• **Required action**
Repeat all of the data precisely.
** Data records follows **
text \<open>Write A_i for the set of x with frac (a_i x) in I_i. If a Borel set T satisfies
  \<lambda>(T \<inter> [s,t)) \<le> K (t - s + c) on all intervals, then A \<inter> T satisfies a bound of the same
  shape with K replaced by K (|I| + a c) and c by 2/a: the set A is a union of intervals of
  length |I|/a, one for each integer part of a x, and [s,t) meets at most a (t - s) + 2 of them.
  Peeling off the constraints from the last one backwards gives
  \<lambda>(A_1 \<inter> ... \<inter> A_n \<inter> [0,1)) \<le> 3 \<Prod> (|I_i| + 2 a_i / a_(i+1)), whereas
  \<lambda>(A_i \<inter> [0,1)) \<ge> |I_i|. For the cells |I_i| = 1/q_i \<ge> r_i/2, so the ratio is at most
  3 \<Prod> (1 + 4 a_i / (r_i a_(i+1))) \<le> 3 exp (4 \<Sum> a_i / (r_i a_(i+1))).\<close>

lemma fmeasurable_lborel_Ico [iff]: "{l..<u::real} \<in> fmeasurable lborel"
  by (cases "l \<le> u") (auto intro: fmeasurableI)

lemma sets_borel_frac_preimages:
  "finite I \<Longrightarrow> {x::real. \<forall>i\<in>I. frac (c i * x) \<in> {l i..<u i}} \<in> sets borel"
  unfolding frac_def by measurable

lemma prod_one_plus_le_exp_sum:
  fixes x :: "'a \<Rightarrow> real"
  assumes "\<And>i. i \<in> I \<Longrightarrow> 0 \<le> x i"
  shows "(\<Prod>i\<in>I. 1 + x i) \<le> exp (\<Sum>i\<in>I. x i)"
proof (cases "finite I")
  case True
  have "(\<Prod>i\<in>I. 1 + x i) \<le> (\<Prod>i\<in>I. exp (x i))"
    using assms by (intro prod_mono) auto
  with True show ?thesis by (simp add: exp_sum)
qed simp

definition interval_measure_bound :: "real set \<Rightarrow> real \<Rightarrow> real \<Rightarrow> bool" where
  "interval_measure_bound T K c \<longleftrightarrow>
     (\<forall>s t. s \<le> t \<longrightarrow> measure lborel (T \<inter> {s..<t}) \<le> K * (t - s + c))"

lemma card_floor_range_le:
  fixes a :: nat and s t :: real
  assumes "s \<le> t"
  shows "real (card {\<lfloor>real a * s\<rfloor>..\<lfloor>real a * t\<rfloor>}) \<le> real a * (t - s) + 2"
proof -
  have "\<lfloor>real a * s\<rfloor> \<le> \<lfloor>real a * t\<rfloor>"
    using assms by (intro floor_mono mult_left_mono) auto
  then have "real (card {\<lfloor>real a * s\<rfloor>..\<lfloor>real a * t\<rfloor>})
      = real_of_int (\<lfloor>real a * t\<rfloor> - \<lfloor>real a * s\<rfloor> + 1)"
    by simp
  also have "\<dots> \<le> real a * (t - s) + 2"
    using of_int_floor_le[of "real a * t"] real_of_int_floor_gt_diff_one[of "real a * s"]
    by (simp add: right_diff_distrib) linarith
  finally show ?thesis .
qed

lemma interval_measure_bound_frac_preimage:
  fixes a :: nat
  assumes a: "a > 0" and "\<alpha> \<le> \<beta>" and T: "T \<in> sets borel" and "K \<ge> 0" "c \<ge> 0"
    and T_bound: "interval_measure_bound T K c"
  shows "interval_measure_bound ({x. frac (real a * x) \<in> {\<alpha>..<\<beta>}} \<inter> T)
           (K * (\<beta> - \<alpha> + real a * c)) (2 / real a)"
  unfolding interval_measure_bound_def
proof (intro allI impI)
  fix s t :: real assume "s \<le> t"
  define J where "J j = {(real_of_int j + \<alpha>) / real a ..< (real_of_int j + \<beta>) / real a} \<inter> T"
    for j :: int
  define I where "I = {\<lfloor>real a * s\<rfloor>..\<lfloor>real a * t\<rfloor>}"
  define m where "m = K * ((\<beta> - \<alpha>) / real a + c)"
  have ap: "real a > 0" using a by simp
  have "finite I" unfolding I_def by simp
  have J_fmeas: "J j \<in> fmeasurable lborel" for j
    unfolding J_def using T by (intro fmeasurable_Int_fmeasurable fmeasurable_lborel_Ico) auto
  have cover: "{x. frac (real a * x) \<in> {\<alpha>..<\<beta>}} \<inter> T \<inter> {s..<t} \<subseteq> (\<Union>j\<in>I. J j)"
  proof
    fix x assume x: "x \<in> {x. frac (real a * x) \<in> {\<alpha>..<\<beta>}} \<inter> T \<inter> {s..<t}"
    define j where "j = \<lfloor>real a * x\<rfloor>"
    have "real a * x = real_of_int j + frac (real a * x)"
      unfolding j_def frac_def by simp
    then have "x \<in> J j"
      using x ap unfolding J_def by (auto simp: field_simps)
    moreover have "j \<in> I"
      unfolding I_def j_def using x ap by (auto intro!: floor_mono mult_left_mono)
    ultimately show "x \<in> (\<Union>j\<in>I. J j)" by auto
  qed
  have J_bound: "measure lborel (J j) \<le> m" for j
  proof -
    have "measure lborel (J j)
        \<le> K * ((real_of_int j + \<beta>) / real a - (real_of_int j + \<alpha>) / real a + c)"
      using T_bound \<open>\<alpha> \<le> \<beta>\<close> ap unfolding J_def interval_measure_bound_def
      by (simp add: Int_commute divide_right_mono)
    also have "\<dots> = m" unfolding m_def using ap by (simp add: field_simps)
    finally show ?thesis .
  qed
  have "measure lborel ({x. frac (real a * x) \<in> {\<alpha>..<\<beta>}} \<inter> T \<inter> {s..<t})
      \<le> measure lborel (\<Union>j\<in>I. J j)"
    using T J_fmeas \<open>finite I\<close>
    by (intro measure_mono_fmeasurable[OF cover]) (auto simp: frac_def)
  also have "\<dots> \<le> (\<Sum>j\<in>I. measure lborel (J j))"
    using J_fmeas \<open>finite I\<close> by (intro measure_UNION_le) (use fmeasurableD in fastforce)+
  also have "\<dots> \<le> real (card I) * m"
    using sum_mono[of I _ "\<lambda>_. m", OF J_bound] by simp
  also have "\<dots> \<le> (real a * (t - s) + 2) * m"
    unfolding I_def m_def using card_floor_range_le[OF \<open>s \<le> t\<close>] assms ap
    by (intro mult_right_mono) auto
  also have "\<dots> = K * (\<beta> - \<alpha> + real a * c) * (t - s + 2 / real a)"
    unfolding m_def using ap by (simp add: field_simps)
  finally show "measure lborel ({x. frac (real a * x) \<in> {\<alpha>..<\<beta>}} \<inter> T \<inter> {s..<t})
      \<le> K * (\<beta> - \<alpha> + real a * c) * (t - s + 2 / real a)" .
qed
** End of Data records **
• **Solution for this task**
text \<open>Write A_i for the set of x with frac (a_i x) in I_i. If a Borel set T satisfies
  \<lambda>(T \<inter> [s,t)) \<le> K (t - s + c) on all intervals, then A \<inter> T satisfies a bound of the same
  shape with K replaced by K (|I| + a c) and c by 2/a: the set A is a union of intervals of
  length |I|/a, one for each integer part of a x, and [s,t) meets at most a (t - s) + 2 of them.
  Peeling off the constraints from the last one backwards gives
  \<lambda>(A_1 \<inter> ... \<inter> A_n \<inter> [0,1)) \<le> 3 \<Prod> (|I_i| + 2 a_i / a_(i+1)), whereas
  \<lambda>(A_i \<inter> [0,1)) \<ge> |I_i|. For the cells |I_i| = 1/q_i \<ge> r_i/2, so the ratio is at most
  3 \<Prod> (1 + 4 a_i / (r_i a_(i+1))) \<le> 3 exp (4 \<Sum> a_i / (r_i a_(i+1))).\<close>

lemma fmeasurable_lborel_Ico [iff]: "{l..<u::real} \<in> fmeasurable lborel"
  by (cases "l \<le> u") (auto intro: fmeasurableI)

lemma sets_borel_frac_preimages:
  "finite I \<Longrightarrow> {x::real. \<forall>i\<in>I. frac (c i * x) \<in> {l i..<u i}} \<in> sets borel"
  unfolding frac_def by measurable

lemma prod_one_plus_le_exp_sum:
  fixes x :: "'a \<Rightarrow> real"
  assumes "\<And>i. i \<in> I \<Longrightarrow> 0 \<le> x i"
  shows "(\<Prod>i\<in>I. 1 + x i) \<le> exp (\<Sum>i\<in>I. x i)"
proof (cases "finite I")
  case True
  have "(\<Prod>i\<in>I. 1 + x i) \<le> (\<Prod>i\<in>I. exp (x i))"
    using assms by (intro prod_mono) auto
  with True show ?thesis by (simp add: exp_sum)
qed simp

definition interval_measure_bound :: "real set \<Rightarrow> real \<Rightarrow> real \<Rightarrow> bool" where
  "interval_measure_bound T K c \<longleftrightarrow>
     (\<forall>s t. s \<le> t \<longrightarrow> measure lborel (T \<inter> {s..<t}) \<le> K * (t - s + c))"

lemma card_floor_range_le:
  fixes a :: nat and s t :: real
  assumes "s \<le> t"
  shows "real (card {\<lfloor>real a * s\<rfloor>..\<lfloor>real a * t\<rfloor>}) \<le> real a * (t - s) + 2"
proof -
  have "\<lfloor>real a * s\<rfloor> \<le> \<lfloor>real a * t\<rfloor>"
    using assms by (intro floor_mono mult_left_mono) auto
  then have "real (card {\<lfloor>real a * s\<rfloor>..\<lfloor>real a * t\<rfloor>})
      = real_of_int (\<lfloor>real a * t\<rfloor> - \<lfloor>real a * s\<rfloor> + 1)"
    by simp
  also have "\<dots> \<le> real a * (t - s) + 2"
    using of_int_floor_le[of "real a * t"] real_of_int_floor_gt_diff_one[of "real a * s"]
    by (simp add: right_diff_distrib) linarith
  finally show ?thesis .
qed

lemma interval_measure_bound_frac_preimage:
  fixes a :: nat
  assumes a: "a > 0" and "\<alpha> \<le> \<beta>" and T: "T \<in> sets borel" and "K \<ge> 0" "c \<ge> 0"
    and T_bound: "interval_measure_bound T K c"
  shows "interval_measure_bound ({x. frac (real a * x) \<in> {\<alpha>..<\<beta>}} \<inter> T)
           (K * (\<beta> - \<alpha> + real a * c)) (2 / real a)"
  unfolding interval_measure_bound_def
proof (intro allI impI)
  fix s t :: real assume "s \<le> t"
  define J where "J j = {(real_of_int j + \<alpha>) / real a ..< (real_of_int j + \<beta>) / real a} \<inter> T"
    for j :: int
  define I where "I = {\<lfloor>real a * s\<rfloor>..\<lfloor>real a * t\<rfloor>}"
  define m where "m = K * ((\<beta> - \<alpha>) / real a + c)"
  have ap: "real a > 0" using a by simp
  have "finite I" unfolding I_def by simp
  have J_fmeas: "J j \<in> fmeasurable lborel" for j
    unfolding J_def using T by (intro fmeasurable_Int_fmeasurable fmeasurable_lborel_Ico) auto
  have cover: "{x. frac (real a * x) \<in> {\<alpha>..<\<beta>}} \<inter> T \<inter> {s..<t} \<subseteq> (\<Union>j\<in>I. J j)"
  proof
    fix x assume x: "x \<in> {x. frac (real a * x) \<in> {\<alpha>..<\<beta>}} \<inter> T \<inter> {s..<t}"
    define j where "j = \<lfloor>real a * x\<rfloor>"
    have "real a * x = real_of_int j + frac (real a * x)"
      unfolding j_def frac_def by simp
    then have "x \<in> J j"
      using x ap unfolding J_def by (auto simp: field_simps)
    moreover have "j \<in> I"
      unfolding I_def j_def using x ap by (auto intro!: floor_mono mult_left_mono)
    ultimately show "x \<in> (\<Union>j\<in>I. J j)" by auto
  qed
  have J_bound: "measure lborel (J j) \<le> m" for j
  proof -
    have "measure lborel (J j)
        \<le> K * ((real_of_int j + \<beta>) / real a - (real_of_int j + \<alpha>) / real a + c)"
      using T_bound \<open>\<alpha> \<le> \<beta>\<close> ap unfolding J_def interval_measure_bound_def
      by (simp add: Int_commute divide_right_mono)
    also have "\<dots> = m" unfolding m_def using ap by (simp add: field_simps)
    finally show ?thesis .
  qed
  have "measure lborel ({x. frac (real a * x) \<in> {\<alpha>..<\<beta>}} \<inter> T \<inter> {s..<t})
      \<le> measure lborel (\<Union>j\<in>I. J j)"
    using T J_fmeas \<open>finite I\<close>
    by (intro measure_mono_fmeasurable[OF cover]) (auto simp: frac_def)
  also have "\<dots> \<le> (\<Sum>j\<in>I. measure lborel (J j))"
    using J_fmeas \<open>finite I\<close> by (intro measure_UNION_le) (use fmeasurableD in fastforce)+
  also have "\<dots> \<le> real (card I) * m"
    using sum_mono[of I _ "\<lambda>_. m", OF J_bound] by simp
  also have "\<dots> \<le> (real a * (t - s) + 2) * m"
    unfolding I_def m_def using card_floor_range_le[OF \<open>s \<le> t\<close>] assms ap
    by (intro mult_right_mono) auto
  also have "\<dots> = K * (\<beta> - \<alpha> + real a * c) * (t - s + 2 / real a)"
    unfolding m_def using ap by (simp add: field_simps)
  finally show "measure lborel ({x. frac (real a * x) \<in> {\<alpha>..<\<beta>}} \<inter> T \<inter> {s..<t})
      \<le> K * (\<beta> - \<alpha> + real a * c) * (t - s + 2 / real a)" .
qed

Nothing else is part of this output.